- Your instructions: Print the listing below exactly. Leave nothing out.
━━━ Provided material
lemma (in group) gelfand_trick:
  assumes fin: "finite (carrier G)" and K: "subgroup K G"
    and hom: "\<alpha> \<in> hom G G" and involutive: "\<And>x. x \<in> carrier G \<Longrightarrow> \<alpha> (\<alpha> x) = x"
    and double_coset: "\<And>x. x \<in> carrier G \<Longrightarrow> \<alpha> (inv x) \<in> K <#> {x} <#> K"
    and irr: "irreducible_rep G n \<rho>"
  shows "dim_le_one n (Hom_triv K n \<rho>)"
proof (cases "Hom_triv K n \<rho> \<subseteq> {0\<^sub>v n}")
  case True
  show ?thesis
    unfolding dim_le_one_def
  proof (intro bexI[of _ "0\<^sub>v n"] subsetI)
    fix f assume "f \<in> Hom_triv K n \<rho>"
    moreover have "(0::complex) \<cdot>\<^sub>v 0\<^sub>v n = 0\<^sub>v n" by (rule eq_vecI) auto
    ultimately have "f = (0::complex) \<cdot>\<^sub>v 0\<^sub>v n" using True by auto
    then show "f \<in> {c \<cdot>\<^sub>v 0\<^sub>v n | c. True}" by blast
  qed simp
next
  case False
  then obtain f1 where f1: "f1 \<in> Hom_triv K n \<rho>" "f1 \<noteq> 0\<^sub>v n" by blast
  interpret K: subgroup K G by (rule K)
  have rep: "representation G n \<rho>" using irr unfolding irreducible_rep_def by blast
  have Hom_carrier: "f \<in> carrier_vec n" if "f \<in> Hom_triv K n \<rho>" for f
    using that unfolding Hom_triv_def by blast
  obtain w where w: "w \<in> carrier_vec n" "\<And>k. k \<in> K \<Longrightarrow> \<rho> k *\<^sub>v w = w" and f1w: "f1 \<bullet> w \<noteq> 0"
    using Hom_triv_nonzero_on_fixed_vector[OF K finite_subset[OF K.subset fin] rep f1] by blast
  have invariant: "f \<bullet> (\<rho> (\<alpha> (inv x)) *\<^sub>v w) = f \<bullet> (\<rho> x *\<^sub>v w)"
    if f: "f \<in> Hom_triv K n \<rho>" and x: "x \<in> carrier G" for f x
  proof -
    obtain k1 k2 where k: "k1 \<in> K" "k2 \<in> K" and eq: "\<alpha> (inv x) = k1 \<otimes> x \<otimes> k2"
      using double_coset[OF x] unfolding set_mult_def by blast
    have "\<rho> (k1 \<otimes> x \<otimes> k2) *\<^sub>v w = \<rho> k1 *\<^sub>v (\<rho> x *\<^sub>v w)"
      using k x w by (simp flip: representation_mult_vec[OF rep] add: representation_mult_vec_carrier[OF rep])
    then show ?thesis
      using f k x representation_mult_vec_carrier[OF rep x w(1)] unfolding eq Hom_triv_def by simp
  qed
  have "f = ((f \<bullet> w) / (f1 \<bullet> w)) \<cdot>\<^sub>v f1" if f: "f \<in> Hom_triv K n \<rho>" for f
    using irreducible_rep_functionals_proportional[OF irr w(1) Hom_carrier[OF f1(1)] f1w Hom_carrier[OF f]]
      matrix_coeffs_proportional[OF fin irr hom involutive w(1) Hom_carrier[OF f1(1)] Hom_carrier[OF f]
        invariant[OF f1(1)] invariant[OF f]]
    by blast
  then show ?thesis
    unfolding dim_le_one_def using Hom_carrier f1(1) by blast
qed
━━━━━━
- Output of the task:
lemma (in group) gelfand_trick:
  assumes fin: "finite (carrier G)" and K: "subgroup K G"
    and hom: "\<alpha> \<in> hom G G" and involutive: "\<And>x. x \<in> carrier G \<Longrightarrow> \<alpha> (\<alpha> x) = x"
    and double_coset: "\<And>x. x \<in> carrier G \<Longrightarrow> \<alpha> (inv x) \<in> K <#> {x} <#> K"
    and irr: "irreducible_rep G n \<rho>"
  shows "dim_le_one n (Hom_triv K n \<rho>)"
proof (cases "Hom_triv K n \<rho> \<subseteq> {0\<^sub>v n}")
  case True
  show ?thesis
    unfolding dim_le_one_def
  proof (intro bexI[of _ "0\<^sub>v n"] subsetI)
    fix f assume "f \<in> Hom_triv K n \<rho>"
    moreover have "(0::complex) \<cdot>\<^sub>v 0\<^sub>v n = 0\<^sub>v n" by (rule eq_vecI) auto
    ultimately have "f = (0::complex) \<cdot>\<^sub>v 0\<^sub>v n" using True by auto
    then show "f \<in> {c \<cdot>\<^sub>v 0\<^sub>v n | c. True}" by blast
  qed simp
next
  case False
  then obtain f1 where f1: "f1 \<in> Hom_triv K n \<rho>" "f1 \<noteq> 0\<^sub>v n" by blast
  interpret K: subgroup K G by (rule K)
  have rep: "representation G n \<rho>" using irr unfolding irreducible_rep_def by blast
  have Hom_carrier: "f \<in> carrier_vec n" if "f \<in> Hom_triv K n \<rho>" for f
    using that unfolding Hom_triv_def by blast
  obtain w where w: "w \<in> carrier_vec n" "\<And>k. k \<in> K \<Longrightarrow> \<rho> k *\<^sub>v w = w" and f1w: "f1 \<bullet> w \<noteq> 0"
    using Hom_triv_nonzero_on_fixed_vector[OF K finite_subset[OF K.subset fin] rep f1] by blast
  have invariant: "f \<bullet> (\<rho> (\<alpha> (inv x)) *\<^sub>v w) = f \<bullet> (\<rho> x *\<^sub>v w)"
    if f: "f \<in> Hom_triv K n \<rho>" and x: "x \<in> carrier G" for f x
  proof -
    obtain k1 k2 where k: "k1 \<in> K" "k2 \<in> K" and eq: "\<alpha> (inv x) = k1 \<otimes> x \<otimes> k2"
      using double_coset[OF x] unfolding set_mult_def by blast
    have "\<rho> (k1 \<otimes> x \<otimes> k2) *\<^sub>v w = \<rho> k1 *\<^sub>v (\<rho> x *\<^sub>v w)"
      using k x w by (simp flip: representation_mult_vec[OF rep] add: representation_mult_vec_carrier[OF rep])
    then show ?thesis
      using f k x representation_mult_vec_carrier[OF rep x w(1)] unfolding eq Hom_triv_def by simp
  qed
  have "f = ((f \<bullet> w) / (f1 \<bullet> w)) \<cdot>\<^sub>v f1" if f: "f \<in> Hom_triv K n \<rho>" for f
    using irreducible_rep_functionals_proportional[OF irr w(1) Hom_carrier[OF f1(1)] f1w Hom_carrier[OF f]]
      matrix_coeffs_proportional[OF fin irr hom involutive w(1) Hom_carrier[OF f1(1)] Hom_carrier[OF f]
        invariant[OF f1(1)] invariant[OF f]]
    by blast
  then show ?thesis
    unfolding dim_le_one_def using Hom_carrier f1(1) by blast
qed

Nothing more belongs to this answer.